Gaming - HyperParasite

The Defective Inspector latches on to HyperParasite by Troglobyte Games...

The year is 1980-something. The timeline has been skewed and the world has unravelled into a neon dystopia circa 1980-other-something. Following the destruction of millions of lives during World War 3 the globe faces another threat, YOU. Welcome to HyperParasite, a game where the 80s gets darker and brighter at the same time!

At its core HyperParasite is a roguelike top down bullet hell shooter where instead of picking characters, like in Nuclear Throne or Binding of Isaac, you pick them in the literal sense by using your fluorescent tentacles. You latch onto and inhabit nearby humanoids and utilise their abilities for your own sadistic pleasures. The premise alone works really well, there is a tactical advantage to picking particular people over others but desperation can force you to be innovative. You see, your host bodies despite being fleshy and disposable are without a doubt stronger than your parasitic self. So between some epic dodging and quick thinking the game gives you a unique but fun twist on the roguelike top down shooters out there at the moment.

Gameplay wise the game is pretty solid. There is an initial tutorial to give you a basic awareness of the game, a few acts to work through to make sure it remains fresh, over 15 people PER ACT to inhabit. There is a lot to love about it and not much to pick apart. Couple in the fact the game is still in early access and you can colour me impressed. Even the pace of the game seems right, it’s not overtly fast like some bullet hell titles can be but I don’t feel held back by game mechanics. The AI, while not complex, are competent enough to make my experience challenging and the randomly created dungeons in each act ensures I am kept entertained when I inevitably die from a stray projectile or unwieldy hobo with a shopping cart.

To increase replay-ability further not every human can be inhabited immediately. One of the few carry overs to this roguelike is your ability to spend cash to unlock access to more humans. There are 15 in each act and each one can theoretically be your host body. Obviously you are enticed to try and inhabit the most powerful enemy you can find but to add an extra wall to your world domination plans you must defeat a boss version of the enemy first. Then you must take its brain to a special (though poorly protected) facility where unlocking of the host body can begin. This means the early game is a lot of dodging, hoping and praying while you slowly amass a fortune of lobes and cash to become the best parasite you can be. It’s a great idea and does add a certain progressive feeling to gameplay without being too grindy.

Aesthetically the game is wonderful. It reminds me of an old 80s movie theatre I used to go to as a child. Bright and flashy neon colours scatter across the streets in Act 1 and while Act 2 takes a more oriental route the same vibrancy seems to continue. I’ve yet to reach Act 3 and the company is still making Act 4 and 5, but I can only presume the fun times will continue accordingly.
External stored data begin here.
lemma nested_lattice_intervals_2: "nested_lattice_intervals s2 h2"
proof
  fix j
  show "0 < s2 j" using c0_pos R_pos[of j] by (simp add: s2_def)
  show "0 < h2 j" by (rule h2_pos)
  show "h2 (Suc j) \<le> h2 j / 2" using next_scale(2)[of j] by (simp add: h2_Suc)
  show "2 * s2 (Suc j) \<le> h2 j" using next_scale(4)[of j] by (simp add: s2_Suc)
next
  fix j :: nat assume "1 \<le> j"
  then obtain i where i: "j = Suc i" by (cases j) auto
  have "R j powr (-1) \<le> R j powr (-a)" using R_ge_1[of j] a_le by (intro powr_mono) auto
  moreover have "c * R j powr (-1) \<le> 1/2 * R j powr (-1)" using c_le by (intro mult_right_mono) auto
  moreover have "0 < R j powr (-1)" using R_pos[of j] by simp
  moreover have "2 * h2 j = c * R j powr (-1)" "s2 j = R j powr (-a)"
    by (simp_all add: i h2_Suc s2_Suc)
  ultimately show "2 * h2 j < s2 j" by linarith
qed

sublocale T1: nested_lattice_intervals s1 h1 by (rule nested_lattice_intervals_1)
sublocale T2: nested_lattice_intervals s2 h2 by (rule nested_lattice_intervals_2)

lemma num_addresses_Suc_ge:
  "h1 j / (8 * R (Suc j) powr (1 - 2*a)) \<le> real (T1.num_addresses (Suc j))"
  "h2 j / (4 * R (Suc j) powr (-a)) \<le> real (T2.num_addresses (Suc j))"
proof -
  have "h1 j / (4 * s1 (Suc j)) * 1 \<le> h1 j / (4 * s1 (Suc j)) * real (T1.num_addresses j)"
    using h1_pos[of j] T1.spacing_pos[of "Suc j"] T1.num_addresses_pos[of j] by (intro mult_left_mono) auto
  then show "h1 j / (8 * R (Suc j) powr (1 - 2*a)) \<le> real (T1.num_addresses (Suc j))"
    using T1.num_addresses_Suc_lower[of j] by (simp add: s1_Suc)
  have "h2 j / (4 * s2 (Suc j)) * 1 \<le> h2 j / (4 * s2 (Suc j)) * real (T2.num_addresses j)"
    using h2_pos[of j] T2.spacing_pos[of "Suc j"] T2.num_addresses_pos[of j] by (intro mult_left_mono) auto
  then show "h2 j / (4 * R (Suc j) powr (-a)) \<le> real (T2.num_addresses (Suc j))"
    using T2.num_addresses_Suc_lower[of j] by (simp add: s2_Suc)
qed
Even the pixel art has a certain appeal to it, the animations feel pretty smooth and the 80s references are numerous. I’ve counted at least 10 different movie references while playing and that tickles my funny bones with delight. Musically there is a theme forming, techno-like 80s synths dominate the eardrums and inject a little bit of adrenaline into your veins. It’s not a remarkable soundtrack, I’ve yet to find a bullet hell game that made me love the music more than the gameplay, but it’s a good solid well complementing composition.

Overall HyperParasite is a clever twist on a solid concept allowing for gratuitous enjoyment. At a low asking price I can see myself recommending this game to a few people, simply because of the games charm, comedy and calamity are worth the time and money spent. Also the 80s, I have love for you if you were born in the 80s.